■ **WHAT TO PRODUCE**
Your answer is the lines below, exactly, from the one that contains "U\<close> unfolding V_def by blast" through the one that contains "U(6) unfolding V_def by blast", both included.

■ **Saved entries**
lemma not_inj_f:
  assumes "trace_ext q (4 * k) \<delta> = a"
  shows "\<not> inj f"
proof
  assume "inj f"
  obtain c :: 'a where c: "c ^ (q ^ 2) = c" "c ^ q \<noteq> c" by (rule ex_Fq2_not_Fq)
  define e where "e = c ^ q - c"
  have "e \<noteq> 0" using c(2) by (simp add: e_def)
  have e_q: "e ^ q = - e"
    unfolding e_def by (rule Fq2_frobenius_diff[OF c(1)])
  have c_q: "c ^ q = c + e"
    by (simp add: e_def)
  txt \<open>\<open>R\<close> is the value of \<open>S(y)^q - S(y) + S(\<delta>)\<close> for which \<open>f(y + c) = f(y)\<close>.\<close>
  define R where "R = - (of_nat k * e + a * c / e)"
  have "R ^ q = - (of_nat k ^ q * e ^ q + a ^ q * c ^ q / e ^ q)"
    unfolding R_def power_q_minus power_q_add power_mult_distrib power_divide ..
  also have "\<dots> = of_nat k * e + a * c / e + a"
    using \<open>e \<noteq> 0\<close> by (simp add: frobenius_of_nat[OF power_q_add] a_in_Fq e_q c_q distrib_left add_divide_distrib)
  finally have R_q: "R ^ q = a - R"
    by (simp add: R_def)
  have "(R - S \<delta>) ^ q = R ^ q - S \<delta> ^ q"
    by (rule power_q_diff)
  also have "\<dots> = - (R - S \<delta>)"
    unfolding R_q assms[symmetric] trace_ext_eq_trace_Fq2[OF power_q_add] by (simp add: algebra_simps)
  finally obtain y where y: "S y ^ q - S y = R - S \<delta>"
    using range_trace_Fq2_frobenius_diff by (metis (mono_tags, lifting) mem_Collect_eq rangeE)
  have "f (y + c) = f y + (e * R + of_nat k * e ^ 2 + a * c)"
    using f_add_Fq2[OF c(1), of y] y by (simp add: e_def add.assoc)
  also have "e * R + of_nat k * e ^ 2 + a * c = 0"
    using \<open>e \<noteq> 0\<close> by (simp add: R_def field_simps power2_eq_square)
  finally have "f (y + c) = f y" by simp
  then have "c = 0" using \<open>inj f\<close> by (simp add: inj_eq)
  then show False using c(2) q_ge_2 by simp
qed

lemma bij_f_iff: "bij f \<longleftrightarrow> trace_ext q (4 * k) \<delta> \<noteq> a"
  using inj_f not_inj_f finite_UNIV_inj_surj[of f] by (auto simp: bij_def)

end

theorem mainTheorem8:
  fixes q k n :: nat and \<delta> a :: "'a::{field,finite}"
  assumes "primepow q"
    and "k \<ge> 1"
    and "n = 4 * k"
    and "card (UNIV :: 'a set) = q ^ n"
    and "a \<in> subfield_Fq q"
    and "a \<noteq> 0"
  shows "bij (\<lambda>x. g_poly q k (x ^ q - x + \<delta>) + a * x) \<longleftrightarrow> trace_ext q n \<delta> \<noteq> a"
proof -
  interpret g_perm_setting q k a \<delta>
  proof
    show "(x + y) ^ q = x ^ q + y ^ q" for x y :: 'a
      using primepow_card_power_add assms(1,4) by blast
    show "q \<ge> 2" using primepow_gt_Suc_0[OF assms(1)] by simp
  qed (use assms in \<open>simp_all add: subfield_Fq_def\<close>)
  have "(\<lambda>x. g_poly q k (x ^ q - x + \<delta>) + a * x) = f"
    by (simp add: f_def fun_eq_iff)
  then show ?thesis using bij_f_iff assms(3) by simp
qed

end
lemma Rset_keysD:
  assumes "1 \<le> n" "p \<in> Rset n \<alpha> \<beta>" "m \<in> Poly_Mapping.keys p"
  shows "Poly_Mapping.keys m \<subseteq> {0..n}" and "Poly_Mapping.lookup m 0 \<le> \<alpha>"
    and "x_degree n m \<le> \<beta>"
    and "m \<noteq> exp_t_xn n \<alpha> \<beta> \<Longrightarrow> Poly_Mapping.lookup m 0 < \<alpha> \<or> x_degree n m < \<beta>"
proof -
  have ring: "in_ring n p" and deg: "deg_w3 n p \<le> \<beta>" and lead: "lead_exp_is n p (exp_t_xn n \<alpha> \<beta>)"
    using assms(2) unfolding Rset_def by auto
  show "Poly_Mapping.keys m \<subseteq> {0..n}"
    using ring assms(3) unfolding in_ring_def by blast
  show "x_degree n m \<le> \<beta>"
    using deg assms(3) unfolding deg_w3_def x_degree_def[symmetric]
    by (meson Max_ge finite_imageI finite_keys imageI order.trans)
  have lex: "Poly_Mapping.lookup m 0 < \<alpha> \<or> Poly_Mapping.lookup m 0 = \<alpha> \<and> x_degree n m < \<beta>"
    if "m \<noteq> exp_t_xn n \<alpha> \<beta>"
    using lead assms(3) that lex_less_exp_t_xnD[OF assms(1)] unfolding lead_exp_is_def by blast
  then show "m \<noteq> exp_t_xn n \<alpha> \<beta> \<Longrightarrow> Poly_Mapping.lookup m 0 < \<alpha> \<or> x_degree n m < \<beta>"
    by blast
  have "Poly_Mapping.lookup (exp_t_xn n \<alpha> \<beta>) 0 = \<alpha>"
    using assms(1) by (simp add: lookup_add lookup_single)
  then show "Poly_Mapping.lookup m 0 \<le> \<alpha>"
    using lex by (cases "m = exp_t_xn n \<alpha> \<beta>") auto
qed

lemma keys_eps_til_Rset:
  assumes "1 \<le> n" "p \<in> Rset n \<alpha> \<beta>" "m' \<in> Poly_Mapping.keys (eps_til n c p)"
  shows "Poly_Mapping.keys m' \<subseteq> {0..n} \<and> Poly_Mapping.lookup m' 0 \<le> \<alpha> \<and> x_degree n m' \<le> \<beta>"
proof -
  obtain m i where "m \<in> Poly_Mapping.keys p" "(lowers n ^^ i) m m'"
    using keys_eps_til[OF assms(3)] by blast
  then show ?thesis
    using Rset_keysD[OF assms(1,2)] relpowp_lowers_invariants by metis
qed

==

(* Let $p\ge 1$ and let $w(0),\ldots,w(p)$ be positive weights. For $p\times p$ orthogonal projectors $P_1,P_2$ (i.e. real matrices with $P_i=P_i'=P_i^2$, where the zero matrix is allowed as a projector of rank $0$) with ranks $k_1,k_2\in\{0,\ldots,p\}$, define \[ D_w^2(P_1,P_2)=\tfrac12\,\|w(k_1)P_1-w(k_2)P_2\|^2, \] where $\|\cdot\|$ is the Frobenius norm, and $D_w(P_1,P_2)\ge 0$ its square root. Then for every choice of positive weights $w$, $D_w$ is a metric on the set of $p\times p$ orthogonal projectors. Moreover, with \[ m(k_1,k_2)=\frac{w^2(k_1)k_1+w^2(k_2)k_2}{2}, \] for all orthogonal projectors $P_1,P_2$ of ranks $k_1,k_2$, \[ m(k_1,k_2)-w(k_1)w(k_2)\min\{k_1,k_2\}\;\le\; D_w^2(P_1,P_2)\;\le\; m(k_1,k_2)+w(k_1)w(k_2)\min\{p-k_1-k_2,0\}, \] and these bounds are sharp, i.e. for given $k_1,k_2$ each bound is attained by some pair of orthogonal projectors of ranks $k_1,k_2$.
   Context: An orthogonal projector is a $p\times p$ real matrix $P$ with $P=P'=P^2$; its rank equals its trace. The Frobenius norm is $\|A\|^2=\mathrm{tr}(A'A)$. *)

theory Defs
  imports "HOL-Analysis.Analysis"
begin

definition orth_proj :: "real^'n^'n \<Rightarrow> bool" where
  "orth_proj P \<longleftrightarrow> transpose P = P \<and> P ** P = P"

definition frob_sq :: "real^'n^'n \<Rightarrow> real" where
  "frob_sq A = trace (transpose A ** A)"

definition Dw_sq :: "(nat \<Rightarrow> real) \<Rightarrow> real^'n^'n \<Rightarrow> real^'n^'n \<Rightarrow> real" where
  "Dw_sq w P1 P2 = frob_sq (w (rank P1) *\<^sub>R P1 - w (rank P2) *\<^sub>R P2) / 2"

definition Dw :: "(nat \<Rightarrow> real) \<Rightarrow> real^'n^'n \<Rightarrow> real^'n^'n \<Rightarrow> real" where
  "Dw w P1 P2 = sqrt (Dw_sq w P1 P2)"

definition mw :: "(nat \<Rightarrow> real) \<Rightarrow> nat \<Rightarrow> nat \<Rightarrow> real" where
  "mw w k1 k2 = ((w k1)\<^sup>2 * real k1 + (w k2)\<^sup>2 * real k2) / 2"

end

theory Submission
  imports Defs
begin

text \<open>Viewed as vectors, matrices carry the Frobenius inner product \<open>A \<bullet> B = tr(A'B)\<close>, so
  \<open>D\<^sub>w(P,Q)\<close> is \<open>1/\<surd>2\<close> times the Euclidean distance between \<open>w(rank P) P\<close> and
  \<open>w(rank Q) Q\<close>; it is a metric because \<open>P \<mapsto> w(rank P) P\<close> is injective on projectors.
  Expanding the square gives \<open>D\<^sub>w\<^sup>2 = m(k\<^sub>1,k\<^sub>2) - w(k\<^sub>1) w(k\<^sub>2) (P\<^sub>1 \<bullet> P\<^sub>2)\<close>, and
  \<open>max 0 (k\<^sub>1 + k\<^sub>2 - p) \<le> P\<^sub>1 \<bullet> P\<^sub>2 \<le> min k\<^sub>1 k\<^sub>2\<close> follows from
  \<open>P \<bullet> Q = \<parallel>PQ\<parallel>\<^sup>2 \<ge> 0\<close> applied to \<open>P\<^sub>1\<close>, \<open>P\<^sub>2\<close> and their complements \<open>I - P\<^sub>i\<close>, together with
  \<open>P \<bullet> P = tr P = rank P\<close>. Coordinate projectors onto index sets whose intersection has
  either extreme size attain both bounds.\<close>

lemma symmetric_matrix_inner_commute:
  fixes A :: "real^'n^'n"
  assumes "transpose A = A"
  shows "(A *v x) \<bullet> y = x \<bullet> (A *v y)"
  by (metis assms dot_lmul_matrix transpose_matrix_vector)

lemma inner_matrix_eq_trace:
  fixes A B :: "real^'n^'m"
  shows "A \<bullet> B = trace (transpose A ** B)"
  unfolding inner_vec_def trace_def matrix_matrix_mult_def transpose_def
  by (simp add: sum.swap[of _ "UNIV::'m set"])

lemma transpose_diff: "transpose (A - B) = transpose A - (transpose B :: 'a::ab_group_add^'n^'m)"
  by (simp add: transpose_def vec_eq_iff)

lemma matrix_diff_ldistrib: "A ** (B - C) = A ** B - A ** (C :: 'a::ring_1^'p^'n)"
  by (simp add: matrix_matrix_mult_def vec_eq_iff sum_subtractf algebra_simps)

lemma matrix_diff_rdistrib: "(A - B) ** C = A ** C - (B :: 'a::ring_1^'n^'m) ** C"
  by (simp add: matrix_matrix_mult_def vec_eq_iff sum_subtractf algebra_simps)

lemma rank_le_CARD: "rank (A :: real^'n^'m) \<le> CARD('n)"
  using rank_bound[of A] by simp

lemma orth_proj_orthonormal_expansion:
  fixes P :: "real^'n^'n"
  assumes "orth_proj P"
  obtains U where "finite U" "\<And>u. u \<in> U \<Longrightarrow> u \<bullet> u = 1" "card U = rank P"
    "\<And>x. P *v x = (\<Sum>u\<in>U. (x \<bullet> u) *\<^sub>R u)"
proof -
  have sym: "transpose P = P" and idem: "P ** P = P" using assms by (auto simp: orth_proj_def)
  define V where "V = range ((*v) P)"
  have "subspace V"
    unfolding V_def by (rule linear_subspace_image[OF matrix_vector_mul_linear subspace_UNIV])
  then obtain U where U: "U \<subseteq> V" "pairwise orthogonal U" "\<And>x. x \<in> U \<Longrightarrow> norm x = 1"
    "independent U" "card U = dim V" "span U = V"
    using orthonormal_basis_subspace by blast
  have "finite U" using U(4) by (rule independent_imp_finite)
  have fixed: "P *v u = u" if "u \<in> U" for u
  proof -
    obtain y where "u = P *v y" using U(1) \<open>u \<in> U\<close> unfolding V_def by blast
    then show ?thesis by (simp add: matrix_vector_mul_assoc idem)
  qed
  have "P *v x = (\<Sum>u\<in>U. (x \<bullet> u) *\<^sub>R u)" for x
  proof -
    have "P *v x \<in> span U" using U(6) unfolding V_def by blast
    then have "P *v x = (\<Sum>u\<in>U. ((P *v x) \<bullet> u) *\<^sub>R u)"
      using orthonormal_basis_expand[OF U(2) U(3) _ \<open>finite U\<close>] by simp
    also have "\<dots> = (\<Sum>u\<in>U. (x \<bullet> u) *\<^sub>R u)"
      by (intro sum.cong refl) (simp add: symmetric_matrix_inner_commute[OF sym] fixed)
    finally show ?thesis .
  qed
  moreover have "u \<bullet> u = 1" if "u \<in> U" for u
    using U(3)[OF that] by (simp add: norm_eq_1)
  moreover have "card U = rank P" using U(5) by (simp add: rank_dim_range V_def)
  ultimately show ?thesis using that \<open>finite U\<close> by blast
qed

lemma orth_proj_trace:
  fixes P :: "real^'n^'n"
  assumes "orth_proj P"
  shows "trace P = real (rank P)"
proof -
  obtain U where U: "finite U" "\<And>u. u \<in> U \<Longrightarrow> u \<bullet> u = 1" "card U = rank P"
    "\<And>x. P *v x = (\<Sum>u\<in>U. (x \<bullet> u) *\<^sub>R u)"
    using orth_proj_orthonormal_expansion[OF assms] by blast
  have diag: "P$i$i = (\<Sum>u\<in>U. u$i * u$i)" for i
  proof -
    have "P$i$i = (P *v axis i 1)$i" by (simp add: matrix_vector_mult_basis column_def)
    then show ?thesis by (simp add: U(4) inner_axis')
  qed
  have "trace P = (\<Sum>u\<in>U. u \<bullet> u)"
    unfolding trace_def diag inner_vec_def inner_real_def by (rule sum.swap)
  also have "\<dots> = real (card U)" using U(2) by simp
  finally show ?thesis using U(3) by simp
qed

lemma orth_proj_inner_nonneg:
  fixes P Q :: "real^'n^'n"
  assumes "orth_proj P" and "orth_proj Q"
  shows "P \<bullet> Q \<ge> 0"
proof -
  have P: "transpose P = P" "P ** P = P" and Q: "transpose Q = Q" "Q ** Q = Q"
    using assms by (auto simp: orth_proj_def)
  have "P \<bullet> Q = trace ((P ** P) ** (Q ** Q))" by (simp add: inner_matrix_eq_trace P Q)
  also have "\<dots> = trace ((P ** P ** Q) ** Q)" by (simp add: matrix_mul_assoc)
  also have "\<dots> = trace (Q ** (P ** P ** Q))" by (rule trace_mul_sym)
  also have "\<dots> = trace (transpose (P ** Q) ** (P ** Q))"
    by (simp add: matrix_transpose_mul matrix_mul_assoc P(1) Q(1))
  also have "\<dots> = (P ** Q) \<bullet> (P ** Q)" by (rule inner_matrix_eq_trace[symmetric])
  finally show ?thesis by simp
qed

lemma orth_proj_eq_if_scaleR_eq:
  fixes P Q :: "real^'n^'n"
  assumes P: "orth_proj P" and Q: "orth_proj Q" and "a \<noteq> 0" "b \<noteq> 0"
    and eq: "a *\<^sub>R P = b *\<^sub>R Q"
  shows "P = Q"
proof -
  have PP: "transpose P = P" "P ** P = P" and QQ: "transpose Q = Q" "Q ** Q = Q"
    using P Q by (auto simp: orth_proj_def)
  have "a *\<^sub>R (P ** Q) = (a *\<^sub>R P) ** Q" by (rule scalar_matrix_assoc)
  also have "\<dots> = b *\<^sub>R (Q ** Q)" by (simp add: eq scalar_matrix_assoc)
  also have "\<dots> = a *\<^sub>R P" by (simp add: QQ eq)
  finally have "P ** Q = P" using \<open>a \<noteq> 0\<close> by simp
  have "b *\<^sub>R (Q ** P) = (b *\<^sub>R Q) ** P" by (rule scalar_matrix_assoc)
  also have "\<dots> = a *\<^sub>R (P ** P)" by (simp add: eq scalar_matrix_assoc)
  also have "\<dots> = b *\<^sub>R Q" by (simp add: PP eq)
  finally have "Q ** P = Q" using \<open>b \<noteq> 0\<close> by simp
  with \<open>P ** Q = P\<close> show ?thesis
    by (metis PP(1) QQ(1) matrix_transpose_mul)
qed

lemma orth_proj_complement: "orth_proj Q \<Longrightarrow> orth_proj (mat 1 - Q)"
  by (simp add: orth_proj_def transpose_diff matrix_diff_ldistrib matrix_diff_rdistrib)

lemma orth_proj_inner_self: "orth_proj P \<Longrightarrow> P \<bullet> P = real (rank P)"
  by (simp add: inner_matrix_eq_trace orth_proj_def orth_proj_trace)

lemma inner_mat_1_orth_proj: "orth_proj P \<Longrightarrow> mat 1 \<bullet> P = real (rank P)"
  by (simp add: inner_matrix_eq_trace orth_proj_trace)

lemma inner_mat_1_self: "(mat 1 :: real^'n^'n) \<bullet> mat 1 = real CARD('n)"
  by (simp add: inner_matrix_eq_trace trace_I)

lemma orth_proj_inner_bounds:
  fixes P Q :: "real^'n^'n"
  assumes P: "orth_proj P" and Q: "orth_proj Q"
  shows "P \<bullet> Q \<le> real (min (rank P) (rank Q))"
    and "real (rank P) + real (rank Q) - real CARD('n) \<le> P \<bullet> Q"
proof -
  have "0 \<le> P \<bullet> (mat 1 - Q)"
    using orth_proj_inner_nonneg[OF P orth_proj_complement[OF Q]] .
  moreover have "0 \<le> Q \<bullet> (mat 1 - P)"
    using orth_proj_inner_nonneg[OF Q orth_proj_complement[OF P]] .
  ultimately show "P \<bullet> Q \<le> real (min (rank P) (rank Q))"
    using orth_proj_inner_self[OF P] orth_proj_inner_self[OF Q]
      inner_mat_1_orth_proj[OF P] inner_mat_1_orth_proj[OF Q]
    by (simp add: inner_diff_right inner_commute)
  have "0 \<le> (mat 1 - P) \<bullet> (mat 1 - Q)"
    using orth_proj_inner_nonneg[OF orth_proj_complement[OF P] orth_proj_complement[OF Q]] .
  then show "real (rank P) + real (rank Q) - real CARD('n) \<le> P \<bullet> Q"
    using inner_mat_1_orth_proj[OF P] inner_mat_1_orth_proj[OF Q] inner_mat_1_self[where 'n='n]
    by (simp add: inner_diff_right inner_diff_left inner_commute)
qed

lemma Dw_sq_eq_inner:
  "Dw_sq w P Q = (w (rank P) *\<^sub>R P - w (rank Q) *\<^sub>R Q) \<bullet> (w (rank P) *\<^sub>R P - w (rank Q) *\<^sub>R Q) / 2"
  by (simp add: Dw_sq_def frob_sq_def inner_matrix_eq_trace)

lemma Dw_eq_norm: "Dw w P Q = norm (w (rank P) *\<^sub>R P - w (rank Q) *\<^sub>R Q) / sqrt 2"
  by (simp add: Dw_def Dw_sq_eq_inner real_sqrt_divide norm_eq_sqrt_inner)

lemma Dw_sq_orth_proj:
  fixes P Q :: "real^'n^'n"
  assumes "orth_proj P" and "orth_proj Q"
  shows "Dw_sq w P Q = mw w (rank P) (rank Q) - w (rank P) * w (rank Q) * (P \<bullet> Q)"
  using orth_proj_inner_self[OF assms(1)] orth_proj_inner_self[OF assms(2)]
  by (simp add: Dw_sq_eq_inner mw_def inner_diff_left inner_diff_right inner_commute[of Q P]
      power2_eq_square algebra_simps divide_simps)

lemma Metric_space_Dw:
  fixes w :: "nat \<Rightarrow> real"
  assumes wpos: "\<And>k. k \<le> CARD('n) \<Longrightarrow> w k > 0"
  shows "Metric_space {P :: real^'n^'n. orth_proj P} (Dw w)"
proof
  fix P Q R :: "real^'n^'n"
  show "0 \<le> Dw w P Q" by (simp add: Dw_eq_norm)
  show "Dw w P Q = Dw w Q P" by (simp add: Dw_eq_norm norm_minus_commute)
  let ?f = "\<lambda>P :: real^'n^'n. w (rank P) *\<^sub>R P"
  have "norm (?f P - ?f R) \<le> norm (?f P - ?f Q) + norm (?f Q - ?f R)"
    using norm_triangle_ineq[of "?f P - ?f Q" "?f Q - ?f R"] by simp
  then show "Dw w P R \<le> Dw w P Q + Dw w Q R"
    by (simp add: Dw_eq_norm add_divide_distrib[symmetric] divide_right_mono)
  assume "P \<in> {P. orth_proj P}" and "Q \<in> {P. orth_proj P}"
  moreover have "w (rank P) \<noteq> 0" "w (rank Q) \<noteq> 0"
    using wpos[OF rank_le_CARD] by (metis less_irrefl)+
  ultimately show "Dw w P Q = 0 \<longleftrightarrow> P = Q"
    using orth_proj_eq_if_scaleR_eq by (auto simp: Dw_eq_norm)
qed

---

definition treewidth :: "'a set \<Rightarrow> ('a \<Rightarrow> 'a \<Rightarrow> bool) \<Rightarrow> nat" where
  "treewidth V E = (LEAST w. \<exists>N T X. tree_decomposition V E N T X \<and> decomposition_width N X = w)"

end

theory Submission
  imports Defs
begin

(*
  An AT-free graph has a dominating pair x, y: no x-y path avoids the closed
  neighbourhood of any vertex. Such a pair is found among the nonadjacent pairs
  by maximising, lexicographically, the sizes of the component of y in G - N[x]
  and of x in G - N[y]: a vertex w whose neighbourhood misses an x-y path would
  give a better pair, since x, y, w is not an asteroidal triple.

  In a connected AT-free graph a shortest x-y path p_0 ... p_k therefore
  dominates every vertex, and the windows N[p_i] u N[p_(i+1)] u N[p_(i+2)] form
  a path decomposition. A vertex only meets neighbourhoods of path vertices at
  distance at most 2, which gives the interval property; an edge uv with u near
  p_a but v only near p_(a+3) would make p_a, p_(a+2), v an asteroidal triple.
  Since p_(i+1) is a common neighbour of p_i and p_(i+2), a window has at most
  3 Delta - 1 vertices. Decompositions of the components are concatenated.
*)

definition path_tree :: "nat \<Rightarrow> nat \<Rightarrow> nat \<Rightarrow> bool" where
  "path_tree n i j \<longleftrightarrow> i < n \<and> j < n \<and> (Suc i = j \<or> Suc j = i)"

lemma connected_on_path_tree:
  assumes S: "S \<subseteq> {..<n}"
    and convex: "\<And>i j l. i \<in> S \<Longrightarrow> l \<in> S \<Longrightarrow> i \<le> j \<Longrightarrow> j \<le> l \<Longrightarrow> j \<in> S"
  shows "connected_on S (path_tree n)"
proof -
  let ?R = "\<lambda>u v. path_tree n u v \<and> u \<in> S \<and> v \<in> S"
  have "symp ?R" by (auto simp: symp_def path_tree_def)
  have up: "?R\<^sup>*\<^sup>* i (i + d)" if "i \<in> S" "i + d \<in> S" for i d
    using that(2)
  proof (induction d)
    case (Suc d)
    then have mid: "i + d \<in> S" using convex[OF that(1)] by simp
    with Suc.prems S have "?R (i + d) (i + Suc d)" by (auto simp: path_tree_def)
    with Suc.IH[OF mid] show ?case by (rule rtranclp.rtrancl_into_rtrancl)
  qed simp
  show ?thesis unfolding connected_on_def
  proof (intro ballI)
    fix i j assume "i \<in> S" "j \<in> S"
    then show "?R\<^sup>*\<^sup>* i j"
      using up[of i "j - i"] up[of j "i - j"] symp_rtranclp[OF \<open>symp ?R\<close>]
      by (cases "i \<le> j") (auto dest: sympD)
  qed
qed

■ **COMPLETED TASK**
    obtain y where "u = P *v y" using U(1) \<open>u \<in> U\<close> unfolding V_def by blast
    then show ?thesis by (simp add: matrix_vector_mul_assoc idem)
  qed
  have "P *v x = (\<Sum>u\<in>U. (x \<bullet> u) *\<^sub>R u)" for x
  proof -
    have "P *v x \<in> span U" using U(6) unfolding V_def by blast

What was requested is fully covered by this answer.